Vitamin D supplementation for primary dysmenorrhea: a double-blind, randomized, placebo-controlled trial

OBJECTIVE: Recent studies have shown a possible association between vitamin D deficiency and the severity of primary dysmenorrhea. The present study aimed to investigate the effect of vitamin D supplementation on pain and systemic symptoms in patients with primary dysmenorrhea. METHODS: This double-blind, randomized, placebo-controlled trial was conducted on female students aged 18 to 32 years with primary dysmenorrhea and vitamin D deficiency (25 [OH]D <30 ng/mL). The participants (n=116) received either 50,000 IU of vitamin D3 (cholecalciferol) or placebo capsules on a weekly basis for eight consecutive weeks. The outcomes were pain intensity (scored 0 to 10), number of days with pain, number of consumed pain-relief medications (per day), and severity of systemic symptoms (fatigue, headache, nausea/vomiting, and diarrhea; total score of 0 to 12).

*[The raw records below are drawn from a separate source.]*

lemma kms_eigenvalue_param_joukowski:
  fixes z \<rho> :: "'a::field"
  assumes "z \<notin> {0, \<rho>, 1 / \<rho>}" and "\<rho> \<noteq> 0" and "\<rho>\<^sup>2 \<noteq> 1"
  defines "l \<equiv> z * (1 - \<rho>\<^sup>2) / ((z - \<rho>) * (1 - \<rho> * z))"
  shows "l \<noteq> 0" and "(\<rho>\<^sup>2 * (l + 1) + l - 1) / (l * \<rho>) = z + 1 / z"
proof -
  have z: "z \<noteq> 0" "z - \<rho> \<noteq> 0" "1 - \<rho> * z \<noteq> 0"
    using assms(1,2) by (auto simp: field_simps)
  moreover have "1 - \<rho>\<^sup>2 \<noteq> 0"
    using assms(3) by simp
  ultimately show l: "l \<noteq> 0"
    by (simp add: l_def)
  define D where "D = (z - \<rho>) * (1 - \<rho> * z)"
  have D: "D \<noteq> 0"
    using z by (simp add: D_def)
  have "\<rho>\<^sup>2 * (l + 1) + l - 1 = ((1 - \<rho>\<^sup>2) * z * (1 + \<rho>\<^sup>2) - (1 - \<rho>\<^sup>2) * D) / D"
    using D unfolding l_def D_def[symmetric] by (simp add: field_simps)
  also have "(1 - \<rho>\<^sup>2) * z * (1 + \<rho>\<^sup>2) - (1 - \<rho>\<^sup>2) * D = (1 - \<rho>\<^sup>2) * \<rho> * (z * z + 1)"
    by (simp add: D_def algebra_simps power2_eq_square)
  also have "(1 - \<rho>\<^sup>2) * \<rho> * (z * z + 1) / D = l * \<rho> * (z + 1 / z)"
    using z D unfolding l_def D_def[symmetric] by (simp add: field_simps)
  finally show "(\<rho>\<^sup>2 * (l + 1) + l - 1) / (l * \<rho>) = z + 1 / z"
    using l assms(2) by simp
qed

lemma p2n_root_eigenvalue:
  assumes "n \<ge> 2" and "\<rho> \<notin> {-1, 0, 1}" and "p2n n \<rho> z = 0"
  shows "eigenvalue (KMS n \<rho>) (z * (1 - \<rho>\<^sup>2) / ((z - \<rho>) * (1 - \<rho> * z)))"
proof -
  have z: "z \<notin> {0, \<rho>, 1 / \<rho>}"
    using assms(1) p2n_root_notin[OF _ assms(2,3)] by simp
  have "\<rho> \<noteq> 0" "\<rho>\<^sup>2 \<noteq> 1"
    using assms(2) by (auto simp: power2_eq_1_iff)
  note param = kms_eigenvalue_param_joukowski[OF z this]
  have "z ^ n * kms_secular \<rho> (z + 1 / z) n = 0"
    using p2n_eq_kms_secular[of n z \<rho>] assms z by simp
  then have "kms_secular \<rho> (z + 1 / z) n = 0"
    using z by simp
  then show ?thesis
    using eigenvalue_KMS_iff[OF assms(1,2)] param by simp
qed

lemma eigenvalue_KMS_p2n_roots:
  fixes \<rho> l :: complex
  assumes "n \<ge> 2" and "\<rho> \<notin> {-1, 0, 1}" and "eigenvalue (KMS n \<rho>) l"
  defines "\<tau> \<equiv> (\<rho>\<^sup>2 * (l + 1) + l - 1) / (2 * l * \<rho>)"
  shows "l \<noteq> 0" and "p2n n \<rho> (\<tau> + csqrt (\<tau>\<^sup>2 - 1)) = 0" and "p2n n \<rho> (\<tau> - csqrt (\<tau>\<^sup>2 - 1)) = 0"
proof -
  have "(\<rho>\<^sup>2 * (l + 1) + l - 1) / (l * \<rho>) = 2 * \<tau>"
    unfolding \<tau>_def by (simp only: mult.assoc times_divide_eq_right mult_divide_mult_cancel_left_if) simp
  then have l: "l \<noteq> 0" and secular: "kms_secular \<rho> (2 * \<tau>) n = 0"
    using eigenvalue_KMS_iff[OF assms(1,2)] assms(3) by simp_all
  show "l \<noteq> 0"
    by (rule l)
  have root: "p2n n \<rho> z = 0" if "z * w = 1" and "z + w = 2 * \<tau>" for z w
  proof -
    have "z \<noteq> 0"
      using that(1) by auto
    moreover have "1 / z = w"
      using that(1) \<open>z \<noteq> 0\<close> by (simp add: divide_eq_eq mult.commute)
    ultimately show ?thesis
      using p2n_eq_kms_secular[of n z \<rho>] assms(1) secular that(2) by simp
  qed
  have "(\<tau> + csqrt (\<tau>\<^sup>2 - 1)) * (\<tau> - csqrt (\<tau>\<^sup>2 - 1)) = 1"
    by (simp add: algebra_simps power2_eq_square[symmetric])
  then show "p2n n \<rho> (\<tau> + csqrt (\<tau>\<^sup>2 - 1)) = 0" and "p2n n \<rho> (\<tau> - csqrt (\<tau>\<^sup>2 - 1)) = 0"
    by (auto intro: root simp: mult.commute)
qed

RESULTS: Compared with baseline, our participants who received vitamin D experienced significant reductions in pain intensity (−1.0 and −1.5 score at weeks 4 and 8, P<0.001), the number of days with pain (−1.0 day at weeks 4 and 8, P<0.001), the number of consumed pain-relief medications (−1.0 at weeks 4 and 8, P<0.001), and systemic symptoms severity (−1.0 score at weeks 4 and 8, P<0.001). No significant improvements were observed in the placebo group in terms of these outcomes. CONCLUSION: Vitamin D supplementation in women with primary dysmenorrhea and vitamin D deficiency could improve systemic symptoms and reduce pain intensity, the number of days with pain, and the need for consuming pain-relief medications.